Die Ärztekammer Westfalen-Lippe (ÄKWL) unterstützt die Forderungen der Vertragsärzteschaft nach leistungsgerechter Entlohnung. „Wenn die niedergelassenen Kolleginnen und Kollegen mit Praxisschließungen auf ihre existenzielle Not hinweisen müssen, ist das schlimm genug. Es muss ihnen erlaubt sein, ihren Unmut über die gefährdete Patientenversorgung politisch auf diese Weise zu dokumentieren“, sagt Kammerpräsident Dr. Theodor Windhorst. Die Honorarreform sei eine einzige Enttäuschung für die Ärzte, von einer angemessenen Vergütung der ärztlichen Leistung könne gar keine Rede sein. Mit ihrer Weigerung, die dringend notwendigen Korrekturen an der Honorarreform vorzunehmen, bewiesen Gesundheitsministerin Schmidt und die Krankenkassen gerade vor dem Hintergrund, dass die Kassen im vergangenen Jahr einen Überschuss von mehr als einer Milliarde Euro erwirtschaftet hätten, einmal mehr ihre „Therapieresistenz“.

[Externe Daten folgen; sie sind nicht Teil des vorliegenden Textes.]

lemma card_close_submsets_of_size_3_le_3:
  assumes "size Y = 3" and "z \<notin># Y"
    and F: "\<And>A. A \<in> F \<Longrightarrow> A \<subseteq># Y \<and> (size A = 1 \<or> size A = 2)"
    and close: "pairwise (\<lambda>A B. mset_dist A B \<le> 2) F"
  shows "card F \<le> 3"
proof -
  \<comment> \<open>Padding the singletons with the fresh element z embeds F into the
    2-submultisets of Y + {z}.\<close>
  define pad where "pad A = (if size A = 1 then add_mset z A else A)" for A
  have "pad A \<subseteq># add_mset z Y \<and> size (pad A) = 2" if "A \<in> F" for A
    using F[OF that] unfolding pad_def by (auto intro: subset_mset.order_trans)
  moreover have "pairwise (\<lambda>A B. mset_dist A B \<le> 2) (pad ` F)"
  proof (rule pairwise_imageI)
    fix A B assume "A \<in> F" "B \<in> F" "A \<noteq> B"
    then have "mset_dist A B \<le> 2"
      using close by (auto simp: pairwise_def)
    then show "mset_dist (pad A) (pad B) \<le> 2"
      using F[OF \<open>A \<in> F\<close>] F[OF \<open>B \<in> F\<close>]
        mset_dist_pad_single_pair_le_2[of A B z] mset_dist_pad_single_pair_le_2[of B A z]
      by (auto simp: pad_def mset_dist_commute)
  qed
  ultimately have "card (pad ` F) \<le> 3"
    using \<open>size Y = 3\<close> by (intro card_close_pairs_in_size_4_le_3[of "add_mset z Y"]) auto
  moreover have "inj_on pad F"
  proof
    fix A B assume "A \<in> F" "B \<in> F" "pad A = pad B"
    moreover have "z \<notin># C" if "C \<in> F" for C
      using F[OF that] \<open>z \<notin># Y\<close> by (meson mset_subset_eqD)
    ultimately show "A = B"
      using F unfolding pad_def by (metis add_mset_remove_trivial union_single_eq_member)
  qed
  ultimately show ?thesis
    by (simp add: card_image)
qed

lemma card_close_submsets_le_3:
  fixes Y :: "'a multiset"
  assumes "infinite (UNIV :: 'a set)" and Y: "3 \<le> size Y"
    and F: "\<And>A. A \<in> F \<Longrightarrow> A \<subseteq># Y \<and> size A \<le> 2 \<and> size Y \<le> size A + 2"
    and close: "pairwise (\<lambda>A B. mset_dist A B \<le> 2) F"
  shows "card F \<le> 3"
proof -
  consider "F = {}" | "size Y = 4" | "size Y = 3"
  proof (cases "F = {}")
    case False
    then obtain A where "A \<in> F"
      by blast
    then have "size Y \<le> 4"
      using F[of A] by linarith
    then show thesis
      using that Y by linarith
  qed
  then show ?thesis
  proof cases
    case 1
    then show ?thesis
      by simp
  next
    case 2
    then show ?thesis
      using card_close_pairs_in_size_4_le_3[OF 2 _ close] F by fastforce
  next
    case 3
    obtain z where "z \<notin># Y"
      using ex_new_if_finite[OF assms(1) finite_set_mset] by blast
    then show ?thesis
      using card_close_submsets_of_size_3_le_3[OF 3 _ _ close] F 3 by fastforce
  qed
qed

definition absdiff :: "nat \<Rightarrow> nat \<Rightarrow> nat" where
  "absdiff a b = (a - b) + (b - a)"

lemma absdiff_detour:
  "absdiff a p + absdiff p b = absdiff a b + 2 * ((p - max a b) + (min a b - p))"
  unfolding absdiff_def by (cases "a \<le> b"; cases "a \<le> p"; cases "p \<le> b"; simp)

lemma absdiff_absdiff_between:
  assumes "min a b \<le> p" "p \<le> max a b" "min a b \<le> q" "q \<le> max a b"
  shows "absdiff (absdiff a p) (absdiff a q) = absdiff p q"
  using assms unfolding absdiff_def by (cases "a \<le> b") auto

lemma manhattan_eq_sum_absdiff:
  "length x = n \<Longrightarrow> manhattan x y = (\<Sum>i<n. absdiff (x ! i) (y ! i))"
  unfolding manhattan_def absdiff_def by (auto intro!: sum.cong)

lemma manhattan_commute: "length x = length y \<Longrightarrow> manhattan x y = manhattan y x"
  by (simp add: manhattan_eq_sum_absdiff absdiff_def add.commute)

lemma manhattan_self [simp]: "manhattan x x = 0"
  by (simp add: manhattan_def)

lemma manhattan_eq_0_iff:
  assumes "length x = length y"
  shows "manhattan x y = 0 \<longleftrightarrow> x = y"
proof
  assume "manhattan x y = 0"
  then have "\<forall>i<length x. absdiff (x ! i) (y ! i) = 0"
    by (simp add: manhattan_eq_sum_absdiff)
  then show "x = y"
    using assms by (auto simp: absdiff_def intro!: nth_equalityI)
qed simp

definition dist_to_box :: "nat list \<Rightarrow> nat list \<Rightarrow> nat list \<Rightarrow> nat" where
  "dist_to_box u w p = (\<Sum>i<length u. (p ! i - max (u ! i) (w ! i)) + (min (u ! i) (w ! i) - p ! i))"

lemma manhattan_detour:
  assumes "length p = length u"
  shows "manhattan u p + manhattan p w = manhattan u w + 2 * dist_to_box u w p"
proof -
  have "manhattan u p + manhattan p w = (\<Sum>i<length u. absdiff (u ! i) (p ! i) + absdiff (p ! i) (w ! i))"
    using assms by (simp add: manhattan_eq_sum_absdiff sum.distrib)
  also have "\<dots> = (\<Sum>i<length u. absdiff (u ! i) (w ! i)
      + 2 * ((p ! i - max (u ! i) (w ! i)) + (min (u ! i) (w ! i) - p ! i)))"
    by (rule sum.cong) (simp_all only: absdiff_detour)
  also have "\<dots> = manhattan u w + 2 * dist_to_box u w p"
    by (simp add: manhattan_eq_sum_absdiff dist_to_box_def sum.distrib sum_distrib_left distrib_left)
  finally show ?thesis .
qed

definition in_box :: "nat list \<Rightarrow> nat list \<Rightarrow> nat list \<Rightarrow> bool" where
  "in_box u w p \<longleftrightarrow> length p = length u \<and>
     (\<forall>i<length u. min (u ! i) (w ! i) \<le> p ! i \<and> p ! i \<le> max (u ! i) (w ! i))"

lemma in_box_iff_dist_to_box: "in_box u w p \<longleftrightarrow> length p = length u \<and> dist_to_box u w p = 0"
  by (auto simp: in_box_def dist_to_box_def)

lemma in_box_iff_manhattan_le:
  "in_box u w p \<longleftrightarrow> length p = length u \<and> manhattan u p + manhattan p w \<le> manhattan u w + 1"
  using manhattan_detour[of p u w] by (auto simp: in_box_iff_dist_to_box)

lemma manhattan_add_eq_if_in_box:
  "in_box u w p \<Longrightarrow> manhattan u p + manhattan p w = manhattan u w"
  by (simp add: in_box_iff_dist_to_box manhattan_detour)

lemma count_sum_replicate_mset:
  "count (\<Sum>i<n::nat. replicate_mset (f i) i) j = (if j < n then f j else 0)"
  by (induction n) auto

lemma size_sum_replicate_mset: "size (\<Sum>i<n::nat. replicate_mset (f i) i) = (\<Sum>i<n. f i)"
  by (induction n) auto

lemma sum_replicate_mset_diff:
  "(\<Sum>i<n::nat. replicate_mset (f i) i) - (\<Sum>i<n. replicate_mset (g i) i)
     = (\<Sum>i<n. replicate_mset (f i - g i) i)"
  by (rule multiset_eqI) (simp add: count_sum_replicate_mset)

definition unit_steps :: "nat list \<Rightarrow> nat list \<Rightarrow> nat multiset" where
  "unit_steps u p = (\<Sum>i<length u. replicate_mset (absdiff (u ! i) (p ! i)) i)"

lemma size_unit_steps: "size (unit_steps u p) = manhattan u p"
  by (simp add: unit_steps_def size_sum_replicate_mset manhattan_eq_sum_absdiff)

lemma unit_steps_subset_if_in_box: "in_box u w p \<Longrightarrow> unit_steps u p \<subseteq># unit_steps u w"
  by (auto simp: subseteq_mset_def unit_steps_def count_sum_replicate_mset in_box_def absdiff_def)

lemma mset_dist_unit_steps:
  assumes "in_box u w p" and "in_box u w q"
  shows "mset_dist (unit_steps u p) (unit_steps u q) = manhattan p q"
proof -
  have "mset_dist (unit_steps u p) (unit_steps u q)
      = (\<Sum>i<length u. absdiff (absdiff (u ! i) (p ! i)) (absdiff (u ! i) (q ! i)))"
    unfolding mset_dist_def unit_steps_def
    by (simp add: sum_replicate_mset_diff size_sum_replicate_mset sum.distrib absdiff_def)
  also have "\<dots> = (\<Sum>i<length u. absdiff (p ! i) (q ! i))"
    using assms by (intro sum.cong refl absdiff_absdiff_between) (auto simp: in_box_def)
  also have "\<dots> = manhattan p q"
    using assms(1) by (simp add: in_box_def manhattan_eq_sum_absdiff)
  finally show ?thesis .
qed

Windhorst fordert von der Politik eindringlich, den Verdruss der Vertragsärzte ernst zu nehmen. „Die Praxisschließungen am Aschermittwoch sind das Ergebnis eines gesundheitspolitischen Scherbenhaufens, den die Bundesregierung angerichtet hat.“ Ausbaden müssten das nicht nur die Vertragsärzte und deren Patienten in den Praxen, auch die medizinische Versorgung in den Kliniken leide seit Jahren an der chronischen Unterfi-nanzierung. „Es ist egal, wo wir hinblicken: Wir sehen überall nur Mangel.“ Darunter leide zwangsläufig die Qualität der Patientenversorgung. „Und der Kranke bekommt es in der Praxis oder im Krankenhaus direkt zu spüren“, klagt Windhorst.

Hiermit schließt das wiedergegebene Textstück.